WHAT YOU ARE ASKED TO DO: Nothing but the lines from the one with "eta)) \<noteq> 0 \<and>" down to the one with "theta1 \<tau> z" should be returned, exactly and with both ends included, from the material below.

DATA FOR THIS TASK:
------------------------------------
lemma H_limit_off_exceptional:
  assumes tau: "Im \<tau> > 0" and iso: "zeros_isolated (theta1 \<tau>)"
    and m: "m = Suc n" and w: "w \<notin> exceptional_set \<tau> m"
  shows "((\<lambda>y. H \<tau> m (\<lambda>i. w (i + 1)) ((\<lambda>j. w (m + 1 + j))(m - 1 := y)))
        \<longlongrightarrow> (\<Prod>i\<in>{1..2*m-1} - {m}. theta1 \<tau> (w m - eta - w i) * theta1 \<tau> (w m - eta + w i))
              * H \<tau> (m - 1) (\<lambda>i. w (i + 1)) (\<lambda>j. w (m + 1 + j)))
      (at (w m + eta))"
proof -
  note off = theta_nonzero_off_exceptional[OF w]
  have va: "theta_vdm \<tau> (Suc n) (\<lambda>i. w (i + 1)) \<noteq> 0"
    using off[of 0] m by (auto simp: theta_vdm_def)
  have vb: "theta_vdm \<tau> n (\<lambda>j. w (m + 1 + j)) \<noteq> 0"
    using off[of 0] m by (simp add: theta_vdm_def)
  have b_ok: "theta1 \<tau> (w (m + 1 + j) - (w m + eta)) \<noteq> 0 \<and> theta1 \<tau> (w (m + 1 + j) + (w m + eta)) \<noteq> 0"
    if "j < n" for j
    using off(1)[of "-eta" "m + 1 + j" m] off(2)[of eta "m + 1 + j" m] that m
    by (simp add: algebra_simps)
  have a_ok: "theta1 \<tau> (w m - eta - w (i + 1)) \<noteq> 0 \<and> theta1 \<tau> (w m - eta + w (i + 1)) \<noteq> 0"
    if "i < n" for i
    using off[of "-eta" m "i + 1"] that m by (simp_all add: algebra_simps)
  have "((\<lambda>y. H \<tau> (Suc n) (\<lambda>i. w (i + 1)) ((\<lambda>j. w (m + 1 + j))(n := y))) \<longlongrightarrow>
     (\<Prod>i<n. theta1 \<tau> (w m - eta - w (i + 1)) * theta1 \<tau> (w m - eta + w (i + 1))) *
     (\<Prod>j<n. theta1 \<tau> (w m - eta - w (m + 1 + j)) * theta1 \<tau> (w m - eta + w (m + 1 + j)))
       * H \<tau> n (\<lambda>i. w (i + 1)) (\<lambda>j. w (m + 1 + j))) (at (w m + eta))"
    using H_limit_at_shift[OF tau iso _ va vb] b_ok a_ok m by simp
  then show ?thesis
    unfolding prod_index_split[OF m] using m by simp
qed

theorem mainTheorem3:
  fixes \<tau> :: complex and m :: nat
  assumes "Im \<tau> > 0" and "m \<ge> 2"
  shows "\<exists>Z :: (nat \<Rightarrow> complex) set. closed Z \<and> interior Z = {} \<and>
    (\<forall>w. w \<notin> Z \<longrightarrow>
      ((\<lambda>y. H \<tau> m (\<lambda>i. w (i + 1)) ((\<lambda>j. w (m + 1 + j))(m - 1 := y)))
        \<longlongrightarrow> (\<Prod>i\<in>{1..2*m-1} - {m}. theta1 \<tau> (w m - eta - w i) * theta1 \<tau> (w m - eta + w i))
              * H \<tau> (m - 1) (\<lambda>i. w (i + 1)) (\<lambda>j. w (m + 1 + j)))
      (at (w m + eta)))"
proof (cases "\<exists>z. theta1 \<tau> z \<noteq> 0")
  case True
  then have iso: "zeros_isolated (theta1 \<tau>)"
    using entire_zeros_isolated[OF theta_holomorphic[OF assms(1)]] by blast
  obtain n where m: "m = Suc n"
    using assms(2) by (cases m) auto
  show ?thesis
    using exceptional_set_nowhere_dense[OF assms(1) iso] H_limit_off_exceptional[OF assms(1) iso m]
    by blast
next
  case False
  then have "H \<tau> k a b = 0" if "k > 0" for k a b
    using that by (simp add: H_def hfun_def)
  then show ?thesis
    using assms(2) by (intro exI[of _ "{}"]) simp
qed

end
------------------------------------
YOUR SOLUTION:
  have b_ok: "theta1 \<tau> (w (m + 1 + j) - (w m + eta)) \<noteq> 0 \<and> theta1 \<tau> (w (m + 1 + j) + (w m + eta)) \<noteq> 0"
    if "j < n" for j
    using off(1)[of "-eta" "m + 1 + j" m] off(2)[of eta "m + 1 + j" m] that m
    by (simp add: algebra_simps)
  have a_ok: "theta1 \<tau> (w m - eta - w (i + 1)) \<noteq> 0 \<and> theta1 \<tau> (w m - eta + w (i + 1)) \<noteq> 0"
    if "i < n" for i
    using off[of "-eta" m "i + 1"] that m by (simp_all add: algebra_simps)
  have "((\<lambda>y. H \<tau> (Suc n) (\<lambda>i. w (i + 1)) ((\<lambda>j. w (m + 1 + j))(n := y))) \<longlongrightarrow>
     (\<Prod>i<n. theta1 \<tau> (w m - eta - w (i + 1)) * theta1 \<tau> (w m - eta + w (i + 1))) *
     (\<Prod>j<n. theta1 \<tau> (w m - eta - w (m + 1 + j)) * theta1 \<tau> (w m - eta + w (m + 1 + j)))
       * H \<tau> n (\<lambda>i. w (i + 1)) (\<lambda>j. w (m + 1 + j))) (at (w m + eta))"
    using H_limit_at_shift[OF tau iso _ va vb] b_ok a_ok m by simp
  then show ?thesis
    unfolding prod_index_split[OF m] using m by simp
qed

theorem mainTheorem3:
  fixes \<tau> :: complex and m :: nat
  assumes "Im \<tau> > 0" and "m \<ge> 2"
  shows "\<exists>Z :: (nat \<Rightarrow> complex) set. closed Z \<and> interior Z = {} \<and>
    (\<forall>w. w \<notin> Z \<longrightarrow>
      ((\<lambda>y. H \<tau> m (\<lambda>i. w (i + 1)) ((\<lambda>j. w (m + 1 + j))(m - 1 := y)))
        \<longlongrightarrow> (\<Prod>i\<in>{1..2*m-1} - {m}. theta1 \<tau> (w m - eta - w i) * theta1 \<tau> (w m - eta + w i))
              * H \<tau> (m - 1) (\<lambda>i. w (i + 1)) (\<lambda>j. w (m + 1 + j)))
      (at (w m + eta)))"
proof (cases "\<exists>z. theta1 \<tau> z \<noteq> 0")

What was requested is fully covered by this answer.